The position index j was assigned to potential binding sites for a given mode, starting from the most central complex with j=Q/2 where Q is the number of phosphate charges unoccupied after binding of HU. Then, j changes by ± 2 as HU moves along DNA with a step of one base pair to each end of DNA until the total number of the complexes considered reaches N − n_i + 1.

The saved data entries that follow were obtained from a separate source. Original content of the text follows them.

(* Let $\epsilon>0$ be a constant, $|N|=n$, $k=n^{1/4-\epsilon/2}$, $r=n^{1/4}$, and define $g(S)=|S|$, $b(S)=\min(|S|,\log n)$, $m(S)=\min(1,|S|/n^{1/2})$, $m^+(S)=n^{-1/4}\min(n^{1/2},|S|)$. Then the class $\mathcal F(g,b,m,m^+)$ has an $(n^{1/4-\epsilon},0)$-gap with $t=n^{1/2+\epsilon/4}$.
   Context: $\mathcal P$ is the set of partitions $P$ of $N$ into $r$ parts $T_1,\dots,T_r$ of $k$ elements each and a part $M$ of the remaining $n-rk$ elements; $\mathcal U(\mathcal P)$ is the uniform distribution on $\mathcal P$; $T_{-i}=\bigcup_{j\ne i}T_j$. $\mathcal F(g,b,m,m^+)=\{f^{P,i}:P\in\mathcal P,i\in[r]\}$ with $f^{P,i}(S)=(1-m(S\cap M))(g(S\cap T_i)+b(S\cap T_{-i}))+m^+(S\cap M)$. The class has an $(\alpha,\beta)$-gap with parameter $t$ if: (1) for every fixed $S$ with $|S|\le t$, with probability $1-n^{-\omega(1)}$ over $P\sim\mathcal U(\mathcal P)$, $g(S\cap T_i)+b(S\cap T_{-i})$ does not depend on $i$; (2) for every fixed $S$ with $|S|\ge t$, with probability $1-n^{-\omega(1)}$ over $P\sim\mathcal U(\mathcal P)$, $m(S\cap M)=1$; (3) for every $S$ with $|S|=k$, $g(S)\ge\max\{\alpha b(S),\alpha m^+(S)\}$; (4) for all $S_1$ with $|S_1|=k$ and $S_2$ with $|S_2|=k/r$, $g(S_1)\ge(1-\beta)r\,g(S_2)$. Statements are asymptotic in $n$. *)

theory Defs
  imports Complex_Main
begin

text \<open>Ground set N = {..<n}. A partition P = (T, M): parts T 0, ..., T (r-1) of k elements
  each (T i = {} for i >= r, as a normal form), M = the remaining elements.\<close>
definition partitions :: "nat \<Rightarrow> nat \<Rightarrow> nat \<Rightarrow> ((nat \<Rightarrow> nat set) \<times> nat set) set" where
  "partitions n r k = {(T, M).
      (\<forall>i<r. T i \<subseteq> {..<n} \<and> card (T i) = k) \<and>
      (\<forall>i. r \<le> i \<longrightarrow> T i = {}) \<and>
      (\<forall>i<r. \<forall>j<r. i \<noteq> j \<longrightarrow> T i \<inter> T j = {}) \<and>
      M = {..<n} - (\<Union>i<r. T i)}"

definition Tminus :: "nat \<Rightarrow> (nat \<Rightarrow> nat set) \<Rightarrow> nat \<Rightarrow> nat set" where
  "Tminus r T i = (\<Union>j\<in>{..<r} - {i}. T j)"

definition unif_prob :: "'a set \<Rightarrow> ('a \<Rightarrow> bool) \<Rightarrow> real" where
  "unif_prob A Q = real (card {x\<in>A. Q x}) / real (card A)"

text \<open>(alpha, beta)-gap with parameter t of the class F(g,b,m,m+); all data are families indexed by n.
  "For every fixed S ... with probability 1 - n^{-omega(1)}" is rendered uniformly in S
  (equivalent, since S may depend on n): failure probability <= n^{-c} eventually, for every c > 0.\<close>
definition has_gap ::
  "(nat \<Rightarrow> nat) \<Rightarrow> (nat \<Rightarrow> nat) \<Rightarrow>
   (nat \<Rightarrow> nat set \<Rightarrow> real) \<Rightarrow> (nat \<Rightarrow> nat set \<Rightarrow> real) \<Rightarrow>
   (nat \<Rightarrow> nat set \<Rightarrow> real) \<Rightarrow> (nat \<Rightarrow> nat set \<Rightarrow> real) \<Rightarrow>
   (nat \<Rightarrow> real) \<Rightarrow> (nat \<Rightarrow> real) \<Rightarrow> (nat \<Rightarrow> real) \<Rightarrow> bool" where
  "has_gap k r g b m mp \<alpha> \<beta> t \<longleftrightarrow>
     (\<forall>c>0. eventually (\<lambda>n. \<forall>S. S \<subseteq> {..<n} \<and> real (card S) \<le> t n \<longrightarrow>
        1 - unif_prob (partitions n (r n) (k n))
          (\<lambda>(T, M). \<forall>i<r n. \<forall>j<r n.
              g n (S \<inter> T i) + b n (S \<inter> Tminus (r n) T i) =
              g n (S \<inter> T j) + b n (S \<inter> Tminus (r n) T j))
        \<le> real n powr (- c)) at_top) \<and>
     (\<forall>c>0. eventually (\<lambda>n. \<forall>S. S \<subseteq> {..<n} \<and> real (card S) \<ge> t n \<longrightarrow>
        1 - unif_prob (partitions n (r n) (k n)) (\<lambda>(T, M). m n (S \<inter> M) = 1)
        \<le> real n powr (- c)) at_top) \<and>
     eventually (\<lambda>n. \<forall>S. S \<subseteq> {..<n} \<and> card S = k n \<longrightarrow>
        g n S \<ge> max (\<alpha> n * b n S) (\<alpha> n * mp n S)) at_top \<and>
     eventually (\<lambda>n. \<forall>S1 S2. S1 \<subseteq> {..<n} \<and> S2 \<subseteq> {..<n} \<and> card S1 = k n \<and>
        real (card S2) = real (k n) / real (r n) \<longrightarrow>
        g n S1 \<ge> (1 - \<beta> n) * real (r n) * g n S2) at_top"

From comparison of Sk_ij from the quadratic model to all-atom NLPB results, we found that Q = Z_D − Z_L for the 10 bp mode and Q = Z_D − Z_L + 5 for the 6 bp mode. At 0.15 Na⁺, Δg_i,_j° and Sk_i,_j are given by eqs. 28, 29, 20, and 21 of Shkel et al. (2006) for the 6 bp mode on 8 bp DNA, by eqs. 30, 31, 22, and 23 for the 6 bp mode on 15 bp and 34 bp DNA and the 10 bp mode on 34 bp DNA, and by eqs. 28, 29, 22, and 23 for the 10 bp mode on 15 bp DNA. Therefore, the fold-increases in the binding constants for the 10 bp and the 6 bp modes between different DNA lengths can be calculated at 0.15 M Na⁺, and the difference in Sk_i between different DNA lengths allows calculations of the fold-increases in the binding constants at other salt concentrations.